Calculating Suitable Plant Growing Days

To estimate the number of suitable days for plant growth each year, we counted the total or consecutive number of days in a year in which climatic conditions (i.e., temperature, soil moisture, solar radiation, and the interactions of these three variables) fall within the global thresholds for plant growth. We obtained daily projections of temperature, soil moisture, and solar radiation from recent Earth System Models developed as part of the Coupled Model Intercomparison Project Phase 5 to the Fifth Assessment Report of the Intergovernmental Panel on Climate Change (S1 Table). Daily projections run from 1950 to 2005 simulating anthropogenic and natural climate forcing (i.e., “historical” experiment) and from 2006 to 2100 under three alternative representative concentration pathways: RCP 2.6, RCP 4.5, and RCP 8.5. CO2 concentrations will reach ~400, ~530, and ~930 ppm by 2100, under RCP 2.6, RCP 4.5, and RCP 8.5, respectively. As of November 2014, there were 14 Earth System Models from 12 centers in eight countries that modeled temperature, soil moisture, and solar radiation at a daily resolution for at least one of the three RCPs (S1 Table) (Note: all Earth System Models that we used include feedbacks of plant production on water balance). In total, for all variables and projections, we processed ~1.8 million daily global maps. We quantified the number of suitable plant growing days independently for each model and averaged the results to estimate the multimodel average. Changes in the number of suitable plant growing days (Fig 2) were calculated by subtracting contemporary (1996 to 2005) from future averages (2091 to 2100); decadal averages were chosen to minimize aliasing by interannual variability. To assess exposure of different terrestrial ecosystems to projected changes in climate suitability (Fig 4), we calculated the mean and frequency distribution of changes in suitable plant growing days (Fig 2A2C and 2G) for cells dominated by each of 14 land-cover types. All data sources are indicated in S2 Table.
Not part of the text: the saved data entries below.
(* In the category $P_2$, let $f:A\to X$ and $g:B\to X$ be arrows. Let $Y=\{(a,b)\in A\times B : f(a)=g(b)\}$, with the structure inherited from the product geometry $A\times B$ (identity $(e_A,e_B)$ and triple set $\Delta_{A\times B}\cap(Y\times Y\times Y)$), and let $\alpha:Y\to A$, $\alpha(a,b)=a$, and $\beta:Y\to B$, $\beta(a,b)=b$. Then $Y$ is an object of $P_2$, $\alpha,\beta$ are arrows of $P_2$ with $f\circ\alpha=g\circ\beta$, and this square is a pullback in $P_2$: for every object $Z$ and arrows $f':Z\to A$, $g':Z\to B$ of $P_2$ with $f\circ f'=g\circ g'$, there is a unique arrow $\varepsilon:Z\to Y$ of $P_2$ with $\alpha\circ\varepsilon=f'$ and $\beta\circ\varepsilon=g'$, namely $\varepsilon(x)=(f'(x),g'(x))$.
   Context: A Pasch geometry is a triple $(A,e,\Delta_A)$ with $A$ a set, $e\in A$, $\Delta_A\subseteq A\times A\times A$, such that: (1) for each $a\in A$ there is a unique $b\in A$ with $(a,b,e)\in\Delta_A$, denoted $a^\#$; (2) $e^\#=e$ and $(a^\#)^\#=a$ for all $a$; (3) $(a,b,c)\in\Delta_A$ implies $(b,c,a)\in\Delta_A$; (4) if $(a_1,a_2,a_3),(a_1,a_4,a_5)\in\Delta_A$ then there is $a_6\in A$ with $(a_6,a_4^\#,a_2)\in\Delta_A$ and $(a_6,a_5,a_3^\#)\in\Delta_A$. A geometry is sharp if for all $a,b\in A$ there is at most one $c\in A$ with $(a,b,c)\in\Delta_A$. The product geometry $A\times B$ has identity $(e_A,e_B)$ and $\Delta_{A\times B}=\{((a_1,b_1),(a_2,b_2),(a_3,b_3)) : (a_1,a_2,a_3)\in\Delta_A,(b_1,b_2,b_3)\in\Delta_B\}$. A geometry morphism $f:A\to B$ is a map with $f(e_A)=e_B$ and $(x,y,z)\in\Delta_A\Rightarrow(f(x),f(y),f(z))\in\Delta_B$. A geometry homomorphism is a morphism $f$ such that whenever $(f(x),f(y),b)\in\Delta_B$ there exists $z\in A$ with $b=f(z)$ and $(x,y,z)\in\Delta_A$. $P_2$ is the category whose objects are sharp Pasch geometries and whose arrows are geometry homomorphisms, with composition of maps. *)

theory Defs
  imports Main
begin
theorem hermitian_ground_commutator_bound:
  assumes fin: "finite I" and nonempty: "I \<noteq> {}" and hH: "hermitian_on I H"
    and eps: "0 < \<epsilon>" "\<epsilon> < 1/2"
  defines "\<omega> \<equiv> ground_expect I H" and "Pexc \<equiv> msub mid (ground_proj I H)"
    and "R \<equiv> fcalc I (shifted_ham I H) inverse" and "K \<equiv> fcalc I (shifted_ham I H) (\<lambda>x. x powr \<epsilon>)"
  shows "(cmod (\<omega> (comm I C A)))\<^sup>2
    \<le> sqrt (Re (\<omega> (mmul I (mmul I (mmul I C Pexc) R) (madj C)) + \<omega> (mmul I (mmul I (mmul I (madj C) Pexc) R) C)))
      * sqrt (2 * \<epsilon> * Re (\<omega> (acomm I C (madj C))) + Re (\<omega> (comm I (comm I (madj C) H) C)))
      * (Re (\<omega> (mmul I (mmul I A K) (madj A))) + Re (\<omega> (mmul I (mmul I (madj A) K) A)))"
proof -
  obtain m e lam where "orthonormal_eigen I H m e lam" "spanning I m e"
    using hermitian_eigenbasis_exists[OF fin hH] by blast
  then interpret ground_eigenbasis I H m e lam
    using fin nonempty hH by (intro ground_eigenbasis.intro eigenbasis.intro ground_eigenbasis_axioms.intro)
  show ?thesis
    unfolding \<omega>_def Pexc_def R_def K_def by (rule ground_commutator_bound[OF eps])
qed

section \<open>The Heisenberg antiferromagnet\<close>

lemma spin_hermitian: "spin n a k l = cnj (spin n a l k)"
proof -
  consider "a = 1" | "a = 2" | "a \<noteq> 1 \<and> a \<noteq> 2" by blast
  then show ?thesis
  proof cases
    case 1 then show ?thesis unfolding spin_def spM_def by (simp add: complex_cnj_divide add.commute)
  next
    case 2
    have c: "cnj (2 * \<i>) = - (2 * \<i>)" by simp
    have "(x - y) / (2 * \<i>) = (y - x) / (- (2 * \<i>))" for x y :: complex
      by (metis divide_minus_right minus_diff_eq minus_divide_left)
    then show ?thesis using 2 unfolding spin_def spM_def complex_cnj_divide complex_cnj_diff c by simp
  next
    case 3 then show ?thesis unfolding spin_def by auto
  qed
qed

lemma op_at_hermitian:
  assumes "\<And>k l. M k l = cnj (M l k)"
  shows "op_at x M \<sigma> \<tau> = cnj (op_at x M \<tau> \<sigma>)"
proof (cases "\<forall>z. z \<noteq> x \<longrightarrow> \<sigma> z = \<tau> z")
  case True
  then have T2: "\<forall>z. z \<noteq> x \<longrightarrow> \<tau> z = \<sigma> z" by auto
  have "op_at x M \<sigma> \<tau> = M (\<sigma> x) (\<tau> x)" unfolding op_at_def by (rule if_P[OF True])
  moreover have "op_at x M \<tau> \<sigma> = M (\<tau> x) (\<sigma> x)" unfolding op_at_def by (rule if_P[OF T2])
  ultimately show ?thesis using assms[of "\<sigma> x" "\<tau> x"] by simp
next
  case False
  then have F2: "\<not> (\<forall>z. z \<noteq> x \<longrightarrow> \<tau> z = \<sigma> z)" by auto
  have "op_at x M \<sigma> \<tau> = 0" unfolding op_at_def by (rule if_not_P[OF False])
  moreover have "op_at x M \<tau> \<sigma> = 0" unfolding op_at_def by (rule if_not_P[OF F2])
  ultimately show ?thesis by simp
qed

lemma cnj_mmul_hermitian:
  assumes "\<And>\<sigma> \<tau>. X \<sigma> \<tau> = cnj (X \<tau> \<sigma>)" "\<And>\<sigma> \<tau>. Y \<sigma> \<tau> = cnj (Y \<tau> \<sigma>)"
  shows "cnj (mmul I X Y \<tau> \<sigma>) = mmul I Y X \<sigma> \<tau>"
  unfolding mmul_def cnj_sum
proof (rule sum.cong[OF refl])
  fix \<rho> show "cnj (X \<tau> \<rho> * Y \<rho> \<sigma>) = Y \<sigma> \<rho> * X \<rho> \<tau>"
    using assms(1)[of \<rho> \<tau>] assms(2)[of \<sigma> \<rho>] by (simp add: mult.commute)
qed

lemma mod_unit_step_uminus:
  fixes a M :: int
  assumes "M \<ge> 0"
  shows "(a mod M = 1 \<or> a mod M = M - 1) \<longleftrightarrow> ((- a) mod M = 1 \<or> (- a) mod M = M - 1)"
proof (cases "M = 0")
  case True then show ?thesis by auto
next
  case False
  then have M: "M > 0" using assms by simp
  have "(- a) mod M = (if a mod M = 0 then 0 else M - a mod M)" using M by (simp add: zmod_zminus1_eq_if)
  then show ?thesis using M by auto
qed

lemma nn_sym: "nn d L x y = nn d L y x"
proof -
  define Q where "Q = (\<lambda>a::int. a mod (2 * int L) = 1 \<or> a mod (2 * int L) = 2 * int L - 1)"
  have nq: "nn d L u v \<longleftrightarrow> u \<in> box d L \<and> v \<in> box d L \<and>
     (\<exists>i<d. Q (u ! i - v ! i) \<and> (\<forall>j<d. j \<noteq> i \<longrightarrow> u ! j = v ! j))" for u v
    unfolding nn_def Q_def ..
  have QQ: "Q (x ! i - y ! i) = Q (y ! i - x ! i)" for i
    using mod_unit_step_uminus[of "2 * int L" "y ! i - x ! i"] unfolding Q_def by simp
  show ?thesis unfolding nq using QQ by auto
qed
text \<open>An m-cyclic complex is a pair (M, d) of families indexed by i < m
  (values at i \<ge> m are fixed to undefined); indices are taken mod m.\<close>

definition cyc_cat :: "('o, 'a, 'k) kcat \<Rightarrow> nat \<Rightarrow>
    ((nat \<Rightarrow> 'o) \<times> (nat \<Rightarrow> 'a), nat \<Rightarrow> 'a, 'k) kcat" where
  "cyc_cat C m = \<lparr>
     Ob = {(M, d). (\<forall>i<m. M i \<in> Ob C \<and> d i \<in> Hom C (M i) (M (Suc i mod m)) \<and>
                       cmp C (d (Suc i mod m)) (d i) = zer C (M i) (M (Suc (Suc i mod m) mod m))) \<and>
                   (\<forall>i\<ge>m. M i = undefined \<and> d i = undefined)},
     Hom = (\<lambda>(M, d) (N, e). {f. (\<forall>i<m. f i \<in> Hom C (M i) (N i) \<and>
                                       cmp C (e i) (f i) = cmp C (f (Suc i mod m)) (d i)) \<and>
                                 (\<forall>i\<ge>m. f i = undefined)}),
     cmp = (\<lambda>g f i. if i < m then cmp C (g i) (f i) else undefined),
     idt = (\<lambda>X i. if i < m then idt C (fst X i) else undefined),
     zer = (\<lambda>X Y i. if i < m then zer C (fst X i) (fst Y i) else undefined),
     add = (\<lambda>f g i. if i < m then add C (f i) (g i) else undefined),
     neg = (\<lambda>f i. if i < m then neg C (f i) else undefined),
     smul = (\<lambda>a f i. if i < m then smul C a (f i) else undefined) \<rparr>"

definition in_CmP :: "('o, 'a, 'k) kcat \<Rightarrow> nat \<Rightarrow> (nat \<Rightarrow> 'o) \<times> (nat \<Rightarrow> 'a) \<Rightarrow> bool" where
  "in_CmP C m X \<longleftrightarrow> X \<in> Ob (cyc_cat C m) \<and> (\<forall>i<m. is_projective C (fst X i))"

definition d0_nonzero :: "('o, 'a, 'k) kcat \<Rightarrow> nat \<Rightarrow> (nat \<Rightarrow> 'o) \<times> (nat \<Rightarrow> 'a) \<Rightarrow> bool" where
  "d0_nonzero C m X \<longleftrightarrow> snd X 0 \<noteq> zer C (fst X 0) (fst X (1 mod m))"

definition isocls :: "('o, 'a, 'k) kcat \<Rightarrow> 'o \<Rightarrow> 'o set" where
  "isocls C X = {Y. isomorphic C X Y}"

definition iso_classes :: "('o, 'a, 'k) kcat \<Rightarrow> ('o \<Rightarrow> bool) \<Rightarrow> 'o set set" where
  "iso_classes C S = {isocls C X | X. X \<in> Ob C \<and> S X}"

definition rep :: "'o set \<Rightarrow> 'o" where
  "rep c = (SOME X. X \<in> c)"

text \<open>Elements of the Hall algebra are finitely supported complex-valued functions on
  isomorphism classes; the class [M] is the indicator of isocls M.\<close>
definition hall_span :: "('o, 'a, 'k) kcat \<Rightarrow> ('o \<Rightarrow> bool) \<Rightarrow> ('o set \<Rightarrow> complex) set" where
  "hall_span C S = {f. finite {c. f c \<noteq> 0} \<and> {c. f c \<noteq> 0} \<subseteq> iso_classes C S}"

definition hall_coeff :: "('o, 'a, 'k) kcat \<Rightarrow> 'o \<Rightarrow> 'o \<Rightarrow> 'o \<Rightarrow> complex" where
  "hall_coeff C M N L = of_nat (card (Ext1_mid C M N L)) / of_nat (card (Hom C M N))"

definition hall_mult :: "('o, 'a, 'k) kcat \<Rightarrow> ('o set \<Rightarrow> complex) \<Rightarrow> ('o set \<Rightarrow> complex) \<Rightarrow> ('o set \<Rightarrow> complex)" where
  "hall_mult C f g = (\<lambda>c. if c \<in> iso_classes C (\<lambda>_. True) then
      (\<Sum>a\<in>{a. f a \<noteq> 0}. \<Sum>b\<in>{b. g b \<noteq> 0}. f a * g b * hall_coeff C (rep a) (rep b) (rep c))
    else 0)"

definition two_sided_ideal :: "(('c \<Rightarrow> complex) \<Rightarrow> ('c \<Rightarrow> complex) \<Rightarrow> ('c \<Rightarrow> complex)) \<Rightarrow>
    ('c \<Rightarrow> complex) set \<Rightarrow> ('c \<Rightarrow> complex) set \<Rightarrow> bool" where
  "two_sided_ideal mult R J \<longleftrightarrow> J \<subseteq> R \<and> (\<lambda>_. 0) \<in> J \<and>
     (\<forall>f\<in>J. \<forall>g\<in>J. (\<lambda>c. f c + g c) \<in> J) \<and>
     (\<forall>a. \<forall>f\<in>J. (\<lambda>c. a * f c) \<in> J) \<and>
     (\<forall>f\<in>R. \<forall>g\<in>J. mult f g \<in> J \<and> mult g f \<in> J)"

end

theory Submission
  imports Defs "HOL-Library.FuncSet"
begin

(* Objects of C_m(P) have projective components, so a short exact sequence
   0 -> N -> L -> M -> 0 of m-cyclic complexes with M, N in C_m(P) splits in every degree:
   each L_i is a biproduct of N_i and M_i, hence projective, and L lies in C_m(P) again.
   Monomorphisms, epimorphisms and kernels of C_m(A) are detected degreewise by testing
   against disk complexes, which represent evaluation at a degree.  From
   d_0^L i_0 = i_1 d_0^N with i_1 mono and p_1 d_0^L = d_0^M p_0 with p_0 epi, d_0^L = 0
   forces d_0^N = 0 and d_0^M = 0.  So every [L] occurring in [M] * [N] has d_0 nonzero as
   soon as M or N has.  The support of such a product is finite because L is isomorphic to
   a complex on the fixed components N_i + M_i, which carry only finitely many differentials. *)

section \<open>Spans of classes in the Hall algebra\<close>

lemma hall_span_mono: "(\<And>X. T X \<Longrightarrow> S X) \<Longrightarrow> hall_span C T \<subseteq> hall_span C S"
  unfolding hall_span_def iso_classes_def by blast

lemma zero_in_hall_span: "(\<lambda>_. 0) \<in> hall_span C S"
  unfolding hall_span_def by simp

lemma hall_span_add:
  assumes "f \<in> hall_span C S" and "g \<in> hall_span C S"
  shows "(\<lambda>c. f c + g c) \<in> hall_span C S"
proof -
  have "{c. f c + g c \<noteq> 0} \<subseteq> {c. f c \<noteq> 0} \<union> {c. g c \<noteq> 0}" by auto
  with assms show ?thesis unfolding hall_span_def by (auto intro: finite_subset)
qed

lemma hall_span_scale:
  assumes "f \<in> hall_span C S"
  shows "(\<lambda>c. a * f c) \<in> hall_span C S"
proof -
  have "{c. a * f c \<noteq> 0} \<subseteq> {c. f c \<noteq> 0}" by auto
  with assms show ?thesis unfolding hall_span_def by (auto intro: finite_subset)
qed

lemma hall_coeff_nonzero:
  assumes "hall_coeff C M N L \<noteq> 0"
  obtains L' i p where "(L', i, p) \<in> exts C M N" and "isomorphic C L' L"
proof -
  have "Ext1_mid C M N L \<noteq> {}"
    using assms unfolding hall_coeff_def by (metis card.empty of_nat_0 div_0)
  then obtain cl t where cl: "cl \<in> Ext1 C M N" and t: "t \<in> cl" and iso: "isomorphic C (fst t) L"
    unfolding Ext1_mid_def by (auto simp: case_prod_beta)
  obtain x where "cl = ext_rel C M N `` {x}"
    using cl unfolding Ext1_def quotient_def by blast
  with t have "t \<in> exts C M N"
    unfolding ext_rel_def by (auto simp: case_prod_beta)
  with iso show ?thesis using that by (cases t) auto
qed

lemma hall_mult_nonzero:
  assumes "hall_mult C f g c \<noteq> 0"
  obtains a b L i p where "c \<in> iso_classes C (\<lambda>_. True)" and "f a \<noteq> 0" and "g b \<noteq> 0"
    and "(L, i, p) \<in> exts C (rep a) (rep b)" and "isomorphic C L (rep c)"
proof -
  have c: "c \<in> iso_classes C (\<lambda>_. True)"
    using assms unfolding hall_mult_def by (auto split: if_splits)
  with assms have "(\<Sum>a\<in>{a. f a \<noteq> 0}. \<Sum>b\<in>{b. g b \<noteq> 0}.
      f a * g b * hall_coeff C (rep a) (rep b) (rep c)) \<noteq> 0"
    unfolding hall_mult_def by simp
  then obtain a where fa: "f a \<noteq> 0"
    and "(\<Sum>b\<in>{b. g b \<noteq> 0}. f a * g b * hall_coeff C (rep a) (rep b) (rep c)) \<noteq> 0"
    using sum.not_neutral_contains_not_neutral by blast
  then obtain b where gb: "g b \<noteq> 0"
    and "f a * g b * hall_coeff C (rep a) (rep b) (rep c) \<noteq> 0"
    using sum.not_neutral_contains_not_neutral by blast
  then have "hall_coeff C (rep a) (rep b) (rep c) \<noteq> 0" by simp
  then obtain L i p where "(L, i, p) \<in> exts C (rep a) (rep b)" and "isomorphic C L (rep c)"
    by (rule hall_coeff_nonzero)
  with c fa gb show ?thesis by (rule that)
qed

section \<open>Categories\<close>

locale category =
  fixes C :: "('o, 'a, 'k) kcat"
  assumes is_category: "is_category C"
begin

abbreviation cat_comp (infixl "\<cdot>" 70) where "g \<cdot> f \<equiv> cmp C g f"

lemma comp_closed:
  "X \<in> Ob C \<Longrightarrow> Y \<in> Ob C \<Longrightarrow> Z \<in> Ob C \<Longrightarrow> f \<in> Hom C X Y \<Longrightarrow> g \<in> Hom C Y Z \<Longrightarrow> g \<cdot> f \<in> Hom C X Z"
  using is_category unfolding is_category_def by simp

lemma comp_assoc:
  "W \<in> Ob C \<Longrightarrow> X \<in> Ob C \<Longrightarrow> Y \<in> Ob C \<Longrightarrow> Z \<in> Ob C \<Longrightarrow>
   f \<in> Hom C W X \<Longrightarrow> g \<in> Hom C X Y \<Longrightarrow> h \<in> Hom C Y Z \<Longrightarrow> h \<cdot> (g \<cdot> f) = (h \<cdot> g) \<cdot> f"
  using is_category unfolding is_category_def by simp

lemma idt_closed: "X \<in> Ob C \<Longrightarrow> idt C X \<in> Hom C X X"
  using is_category unfolding is_category_def by simp

lemma comp_idt: "X \<in> Ob C \<Longrightarrow> Y \<in> Ob C \<Longrightarrow> f \<in> Hom C X Y \<Longrightarrow> f \<cdot> idt C X = f"
  using is_category unfolding is_category_def by simp

lemma idt_comp: "X \<in> Ob C \<Longrightarrow> Y \<in> Ob C \<Longrightarrow> f \<in> Hom C X Y \<Longrightarrow> idt C Y \<cdot> f = f"
  using is_category unfolding is_category_def by simp

lemma comp_left_inverses:
  assumes A: "A \<in> Ob C" and B: "B \<in> Ob C" and Z: "Z \<in> Ob C"
    and a: "a \<in> Hom C A B" and b: "b \<in> Hom C B Z" and a': "a' \<in> Hom C B A" and b': "b' \<in> Hom C Z B"
    and "a' \<cdot> a = idt C A" and "b' \<cdot> b = idt C B"
  shows "(a' \<cdot> b') \<cdot> (b \<cdot> a) = idt C A"
proof -
  have "(a' \<cdot> b') \<cdot> (b \<cdot> a) = a' \<cdot> ((b' \<cdot> b) \<cdot> a)"
    using comp_assoc[OF A Z B A comp_closed[OF A B Z a b] b' a'] comp_assoc[OF A B Z B a b b']
      by simp
  with assms show ?thesis using idt_comp[OF A B a] by simp
qed

lemma isomorphic_refl: "X \<in> Ob C \<Longrightarrow> isomorphic C X X"
  unfolding isomorphic_def using idt_closed comp_idt by blast

lemma isomorphic_sym: "isomorphic C X Y \<Longrightarrow> isomorphic C Y X"
  unfolding isomorphic_def by blast

lemma isomorphic_trans:
  assumes "isomorphic C X Y" and "isomorphic C Y Z"
  shows "isomorphic C X Z"
proof -
  from assms obtain f f' g g' where X: "X \<in> Ob C" and Y: "Y \<in> Ob C" and Z: "Z \<in> Ob C"
    and f: "f \<in> Hom C X Y" and f': "f' \<in> Hom C Y X" and g: "g \<in> Hom C Y Z" and g': "g' \<in> Hom C Z Y"
    and "f' \<cdot> f = idt C X" "f \<cdot> f' = idt C Y" "g' \<cdot> g = idt C Y" "g \<cdot> g' = idt C Z"
    unfolding isomorphic_def by blast
  then have "(f' \<cdot> g') \<cdot> (g \<cdot> f) = idt C X" and "(g \<cdot> f) \<cdot> (f' \<cdot> g') = idt C Z"
    using comp_left_inverses[OF X Y Z f g f' g'] comp_left_inverses[OF Z Y X g' f' g f] by simp_all
  then show ?thesis
    unfolding isomorphic_def using X Z comp_closed[OF X Y Z f g] comp_closed[OF Z Y X g' f']
      by blast
qed
lemma sum_bernoulli_weight: "finite W \<Longrightarrow> (\<Sum>S\<in>Pow W. bernoulli_weight p W S) = 1"
proof (induction rule: finite_induct)
  case empty
  then show ?case by (simp add: bernoulli_weight_def)
next
  case (insert u W)
  then show ?case
    using sum_Pow_insert_bernoulli_weight[OF insert(1,2), of p "\<lambda>_. 1"] by simp
qed

lemma bernoulli_prob_eq_sum_Pow:
  assumes "finite W"
  shows "bernoulli_prob p W Q = (\<Sum>S\<in>Pow W. if Q S then bernoulli_weight p W S else 0)"
proof -
  have "{S. S \<subseteq> W \<and> Q S} = {S \<in> Pow W. Q S}" by auto
  then show ?thesis
    unfolding bernoulli_prob_def using sum.inter_filter[of "Pow W" "bernoulli_weight p W" Q] assms
    by simp
qed

lemma bernoulli_prob_union_bound:
  assumes "finite W" "finite I" "0 \<le> p" "p \<le> 1"
    and "\<And>S. S \<subseteq> W \<Longrightarrow> Q S \<Longrightarrow> \<exists>i\<in>I. R i S"
  shows "bernoulli_prob p W Q \<le> (\<Sum>i\<in>I. bernoulli_prob p W (R i))"
proof -
  have "bernoulli_prob p W Q
      \<le> (\<Sum>S | S \<subseteq> W \<and> Q S. \<Sum>i\<in>I. if R i S then bernoulli_weight p W S else 0)"
    unfolding bernoulli_prob_def
  proof (rule sum_mono)
    fix S assume "S \<in> {S. S \<subseteq> W \<and> Q S}"
    then obtain i where "i \<in> I" "R i S" using assms(5) by blast
    then have "(if R i S then bernoulli_weight p W S else 0)
        \<le> (\<Sum>i\<in>I. if R i S then bernoulli_weight p W S else 0)"
      using assms bernoulli_weight_nonneg by (intro member_le_sum) auto
    then show "bernoulli_weight p W S \<le> (\<Sum>i\<in>I. if R i S then bernoulli_weight p W S else 0)"
      using \<open>R i S\<close> by simp
  qed
  also have "\<dots> \<le> (\<Sum>S | S \<subseteq> W. \<Sum>i\<in>I. if R i S then bernoulli_weight p W S else 0)"
    using assms
    by (intro sum_mono2) (auto intro!: sum_nonneg simp: bernoulli_weight_nonneg)
  also have "\<dots> = (\<Sum>i\<in>I. bernoulli_prob p W (R i))"
    unfolding bernoulli_prob_def
    by (subst sum.swap) (use assms(1) in \<open>simp add: sum.inter_filter[symmetric] Collect_conj_eq\<close>)
  finally show ?thesis .
qed

section \<open>Exploring a component of a Bernoulli sample\<close>

definition reach_mgf :: "(nat \<Rightarrow> nat \<Rightarrow> bool) \<Rightarrow> real \<Rightarrow> real \<Rightarrow> nat set \<Rightarrow> nat set \<Rightarrow> real" where
  "reach_mgf E p x W U = (\<Sum>S\<in>Pow W. bernoulli_weight p W S * x ^ card (reached_from E S U))"

lemma reach_mgf_empty: "finite W \<Longrightarrow> reach_mgf E p x W {} = 1"
  unfolding reach_mgf_def reached_from_def using sum_bernoulli_weight by simp

text \<open>Exploring a start vertex u: it is either not sampled, or sampled and counted,
  in which case its unexplored neighbours become start vertices.\<close>
lemma reach_mgf_explore:
  assumes "finite W" "u \<in> U" "u \<in> W"
  shows "reach_mgf E p x W U = (1 - p) * reach_mgf E p x (W - {u}) (U - {u})
     + p * x * reach_mgf E p x (W - {u}) (U - {u} \<union> {z \<in> W - {u}. E u z})"
proof -
  let ?W = "W - {u}"
  let ?U = "U - {u} \<union> {z \<in> W - {u}. E u z}"
  have W: "W = insert u ?W" using assms by auto
  have unsampled: "x ^ card (reached_from E S U) = x ^ card (reached_from E S (U - {u}))"
    if "S \<in> Pow ?W" for S
  proof -
    have "u \<notin> S" using that by auto
    from reached_from_Diff_outside[OF this, of E U] show ?thesis by simp
  qed
  have sampled: "x ^ card (reached_from E (insert u S) U) = x * x ^ card (reached_from E S ?U)"
    if "S \<in> Pow ?W" for S
  proof -
    have S: "S \<subseteq> ?W" "finite S" using that assms(1) finite_subset by auto
    then have "finite (reached_from E S ?U)" "u \<notin> reached_from E S ?U"
      using reached_from_subset[of E S ?U] by (auto intro: finite_subset)
    moreover have "reached_from E (insert u S) U = insert u (reached_from E S ?U)"
      by (rule reached_from_insert) (use that assms in auto)
    ultimately show ?thesis by simp
  qed
  have "reach_mgf E p x W U
      = (\<Sum>S\<in>Pow (insert u ?W). bernoulli_weight p (insert u ?W) S * x ^ card (reached_from E S U))"
    unfolding reach_mgf_def by (simp only: W[symmetric])
  also have "\<dots> = (1 - p) * (\<Sum>S\<in>Pow ?W. bernoulli_weight p ?W S * x ^ card (reached_from E S U))
      + p * (\<Sum>S\<in>Pow ?W. bernoulli_weight p ?W S * x ^ card (reached_from E (insert u S) U))"
    by (rule sum_Pow_insert_bernoulli_weight) (use assms in auto)
  also have "(\<Sum>S\<in>Pow ?W. bernoulli_weight p ?W S * x ^ card (reached_from E S U))
      = reach_mgf E p x ?W (U - {u})"
    unfolding reach_mgf_def by (rule sum.cong) (simp_all add: unsampled)
  also have "(\<Sum>S\<in>Pow ?W. bernoulli_weight p ?W S * x ^ card (reached_from E (insert u S) U))
      = x * reach_mgf E p x ?W ?U"
    unfolding reach_mgf_def sum_distrib_left by (rule sum.cong) (simp_all add: sampled)
  finally show ?thesis by (simp only: mult.assoc)
qed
Assessing Human Vulnerability

“Vulnerability” was assessed in the traditional sense of determining human “exposure” to environmental change, “dependency” in terms of food, jobs, and revenue at stake, and “adaptability” in terms of wealth, assuming that richer countries will have more capacity to respond [4143]. “Exposure” was quantified as changes in climate suitability for plant growth categorized for each country as follows: “high loss” for countries experiencing reductions in suitable plant growing days in excess of 30%, “medium loss” for countries experiencing losses of 30% to 10%, “no change” for countries that gain or lose up to 10%, “medium gain” for countries gaining 10% to 30%, and “high gain” for countries gaining in excess of 30% more days. “Dependency” was quantified by adding three proportional metrics for each country: percentage of gross domestic product contributed by agricultural revenue, percentage of the workforce in the agricultural sector, and percentage of NPP appropriated by people (from food, paper, wood, meat, fiber, and animal by-products) [14]. Countries were categorized as having “low,” “medium,” or “high” dependency if their cumulative percentages in those three goods and services ranged from 0% to 33%, >33% to 66%, or >66%, respectively. Finally, “adaptability” was quantified as per capita gross domestic product, under the assumption that richer countries will have greater access to a wider range of adaptive strategies. For the purpose of classification, we used the World Bank categorization of low-, medium-, and high-income countries depending on whether annual per capita gross domestic product was less than US$4,000, between US$4,000 and US$12,000, or greater than US$12,000, respectively. All data sources are shown in S2 Table.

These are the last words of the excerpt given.